- _Exercise description_: Reproduce the entries shown below only from the line with "of_int u3 / 2" down to the line with "proof (rule biadditive_eqI)", keeping both end lines and copying each one exactly.

[Data entries]
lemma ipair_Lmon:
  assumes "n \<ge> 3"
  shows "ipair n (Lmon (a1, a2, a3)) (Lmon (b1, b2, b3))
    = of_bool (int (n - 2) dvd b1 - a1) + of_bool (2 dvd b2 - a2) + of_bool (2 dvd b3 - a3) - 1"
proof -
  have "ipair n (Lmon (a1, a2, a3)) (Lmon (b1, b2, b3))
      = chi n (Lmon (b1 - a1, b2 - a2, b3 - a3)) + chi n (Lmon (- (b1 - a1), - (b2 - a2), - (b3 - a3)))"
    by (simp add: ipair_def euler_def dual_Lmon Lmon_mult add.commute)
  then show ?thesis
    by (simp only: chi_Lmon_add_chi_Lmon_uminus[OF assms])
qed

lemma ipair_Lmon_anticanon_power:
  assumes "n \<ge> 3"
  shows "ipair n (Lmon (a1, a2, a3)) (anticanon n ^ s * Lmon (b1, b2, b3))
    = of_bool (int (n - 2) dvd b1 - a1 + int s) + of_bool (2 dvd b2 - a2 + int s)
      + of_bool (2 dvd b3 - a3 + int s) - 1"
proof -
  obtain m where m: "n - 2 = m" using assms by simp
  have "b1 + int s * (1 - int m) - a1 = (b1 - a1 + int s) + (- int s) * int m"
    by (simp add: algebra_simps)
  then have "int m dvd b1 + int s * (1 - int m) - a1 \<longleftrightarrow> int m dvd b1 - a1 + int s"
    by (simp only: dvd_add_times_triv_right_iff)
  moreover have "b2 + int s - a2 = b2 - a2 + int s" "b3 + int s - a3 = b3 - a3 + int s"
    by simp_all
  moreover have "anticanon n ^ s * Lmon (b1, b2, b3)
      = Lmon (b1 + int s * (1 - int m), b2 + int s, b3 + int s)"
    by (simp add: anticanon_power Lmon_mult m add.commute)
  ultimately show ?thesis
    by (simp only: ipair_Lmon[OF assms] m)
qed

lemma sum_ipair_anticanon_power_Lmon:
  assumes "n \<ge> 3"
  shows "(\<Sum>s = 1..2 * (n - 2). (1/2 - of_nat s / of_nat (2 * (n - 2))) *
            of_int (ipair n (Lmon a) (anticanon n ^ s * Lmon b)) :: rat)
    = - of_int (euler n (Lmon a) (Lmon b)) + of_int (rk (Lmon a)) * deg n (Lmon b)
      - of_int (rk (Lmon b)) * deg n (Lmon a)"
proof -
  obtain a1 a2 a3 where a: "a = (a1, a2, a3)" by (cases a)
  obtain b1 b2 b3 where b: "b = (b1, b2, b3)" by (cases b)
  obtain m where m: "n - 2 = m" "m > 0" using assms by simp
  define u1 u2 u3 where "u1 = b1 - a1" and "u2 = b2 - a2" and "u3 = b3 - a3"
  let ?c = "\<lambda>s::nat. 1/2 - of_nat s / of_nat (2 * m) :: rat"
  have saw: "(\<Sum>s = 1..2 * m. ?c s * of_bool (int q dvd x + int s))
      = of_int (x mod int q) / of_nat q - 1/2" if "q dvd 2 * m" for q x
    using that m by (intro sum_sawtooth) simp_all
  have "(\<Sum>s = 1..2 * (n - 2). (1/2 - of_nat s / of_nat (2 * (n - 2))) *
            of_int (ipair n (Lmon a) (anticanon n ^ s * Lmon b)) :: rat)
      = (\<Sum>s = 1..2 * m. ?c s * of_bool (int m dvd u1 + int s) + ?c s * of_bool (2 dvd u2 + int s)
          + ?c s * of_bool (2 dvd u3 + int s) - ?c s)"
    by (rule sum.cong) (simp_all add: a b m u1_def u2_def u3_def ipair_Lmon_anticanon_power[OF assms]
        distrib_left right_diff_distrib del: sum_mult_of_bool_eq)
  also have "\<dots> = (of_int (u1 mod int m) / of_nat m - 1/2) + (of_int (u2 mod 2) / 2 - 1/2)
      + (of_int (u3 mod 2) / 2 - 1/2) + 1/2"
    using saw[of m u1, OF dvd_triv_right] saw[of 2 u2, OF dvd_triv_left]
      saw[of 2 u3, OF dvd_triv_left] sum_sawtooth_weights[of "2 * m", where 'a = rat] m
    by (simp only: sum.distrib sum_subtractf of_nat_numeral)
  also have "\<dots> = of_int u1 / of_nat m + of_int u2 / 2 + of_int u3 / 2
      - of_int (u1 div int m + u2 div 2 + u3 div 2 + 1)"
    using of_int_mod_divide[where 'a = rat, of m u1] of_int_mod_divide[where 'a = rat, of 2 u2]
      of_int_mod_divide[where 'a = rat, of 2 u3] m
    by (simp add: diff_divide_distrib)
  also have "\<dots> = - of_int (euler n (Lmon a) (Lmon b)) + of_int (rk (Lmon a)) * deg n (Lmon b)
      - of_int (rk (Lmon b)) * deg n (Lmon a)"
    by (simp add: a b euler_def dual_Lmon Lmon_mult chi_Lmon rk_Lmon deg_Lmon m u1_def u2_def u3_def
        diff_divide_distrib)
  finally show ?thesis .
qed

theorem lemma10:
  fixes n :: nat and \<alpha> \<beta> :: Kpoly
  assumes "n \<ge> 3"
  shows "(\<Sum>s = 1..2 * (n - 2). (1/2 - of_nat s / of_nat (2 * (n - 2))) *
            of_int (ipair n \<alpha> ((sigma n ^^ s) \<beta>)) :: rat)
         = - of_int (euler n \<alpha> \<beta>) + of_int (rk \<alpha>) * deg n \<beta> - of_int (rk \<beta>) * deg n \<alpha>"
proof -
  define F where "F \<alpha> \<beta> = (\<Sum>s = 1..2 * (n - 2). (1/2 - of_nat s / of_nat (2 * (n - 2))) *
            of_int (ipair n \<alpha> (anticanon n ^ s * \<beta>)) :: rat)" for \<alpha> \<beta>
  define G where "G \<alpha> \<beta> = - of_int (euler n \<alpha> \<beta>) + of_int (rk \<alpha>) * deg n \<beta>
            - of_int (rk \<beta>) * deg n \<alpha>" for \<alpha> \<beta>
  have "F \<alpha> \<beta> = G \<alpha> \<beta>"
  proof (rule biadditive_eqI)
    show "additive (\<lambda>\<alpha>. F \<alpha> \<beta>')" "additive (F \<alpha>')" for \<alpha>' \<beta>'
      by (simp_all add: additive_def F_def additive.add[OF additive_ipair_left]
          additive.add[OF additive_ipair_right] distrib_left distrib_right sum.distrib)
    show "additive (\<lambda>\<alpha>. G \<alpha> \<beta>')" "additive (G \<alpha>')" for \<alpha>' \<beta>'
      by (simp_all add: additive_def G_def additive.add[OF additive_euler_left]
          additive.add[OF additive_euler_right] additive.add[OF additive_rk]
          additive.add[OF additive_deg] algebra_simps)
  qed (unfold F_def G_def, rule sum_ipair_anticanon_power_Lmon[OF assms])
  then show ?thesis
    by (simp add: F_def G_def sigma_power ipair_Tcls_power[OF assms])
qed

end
--
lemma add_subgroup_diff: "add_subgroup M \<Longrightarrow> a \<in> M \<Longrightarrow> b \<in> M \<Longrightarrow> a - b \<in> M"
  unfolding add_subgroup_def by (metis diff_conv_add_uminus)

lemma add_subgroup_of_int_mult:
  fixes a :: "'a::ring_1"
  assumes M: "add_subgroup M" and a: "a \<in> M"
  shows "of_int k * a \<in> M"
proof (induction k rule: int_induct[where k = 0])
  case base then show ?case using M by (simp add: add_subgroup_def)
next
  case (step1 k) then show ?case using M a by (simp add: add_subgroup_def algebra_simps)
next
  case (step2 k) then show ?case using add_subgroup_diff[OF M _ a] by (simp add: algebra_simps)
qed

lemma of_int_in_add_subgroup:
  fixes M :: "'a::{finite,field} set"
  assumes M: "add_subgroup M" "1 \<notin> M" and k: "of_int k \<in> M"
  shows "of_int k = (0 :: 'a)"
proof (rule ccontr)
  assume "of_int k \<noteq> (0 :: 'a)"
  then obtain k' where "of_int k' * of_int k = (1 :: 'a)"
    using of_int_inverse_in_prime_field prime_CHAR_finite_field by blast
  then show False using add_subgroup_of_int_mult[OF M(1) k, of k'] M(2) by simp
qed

- _Task result_:
  also have "\<dots> = of_int u1 / of_nat m + of_int u2 / 2 + of_int u3 / 2
      - of_int (u1 div int m + u2 div 2 + u3 div 2 + 1)"
    using of_int_mod_divide[where 'a = rat, of m u1] of_int_mod_divide[where 'a = rat, of 2 u2]
      of_int_mod_divide[where 'a = rat, of 2 u3] m
    by (simp add: diff_divide_distrib)
  also have "\<dots> = - of_int (euler n (Lmon a) (Lmon b)) + of_int (rk (Lmon a)) * deg n (Lmon b)
      - of_int (rk (Lmon b)) * deg n (Lmon a)"
    by (simp add: a b euler_def dual_Lmon Lmon_mult chi_Lmon rk_Lmon deg_Lmon m u1_def u2_def u3_def
        diff_divide_distrib)
  finally show ?thesis .
qed

theorem lemma10:
  fixes n :: nat and \<alpha> \<beta> :: Kpoly
  assumes "n \<ge> 3"
  shows "(\<Sum>s = 1..2 * (n - 2). (1/2 - of_nat s / of_nat (2 * (n - 2))) *
            of_int (ipair n \<alpha> ((sigma n ^^ s) \<beta>)) :: rat)
         = - of_int (euler n \<alpha> \<beta>) + of_int (rk \<alpha>) * deg n \<beta> - of_int (rk \<beta>) * deg n \<alpha>"
proof -
  define F where "F \<alpha> \<beta> = (\<Sum>s = 1..2 * (n - 2). (1/2 - of_nat s / of_nat (2 * (n - 2))) *
            of_int (ipair n \<alpha> (anticanon n ^ s * \<beta>)) :: rat)" for \<alpha> \<beta>
  define G where "G \<alpha> \<beta> = - of_int (euler n \<alpha> \<beta>) + of_int (rk \<alpha>) * deg n \<beta>
            - of_int (rk \<beta>) * deg n \<alpha>" for \<alpha> \<beta>
  have "F \<alpha> \<beta> = G \<alpha> \<beta>"
  proof (rule biadditive_eqI)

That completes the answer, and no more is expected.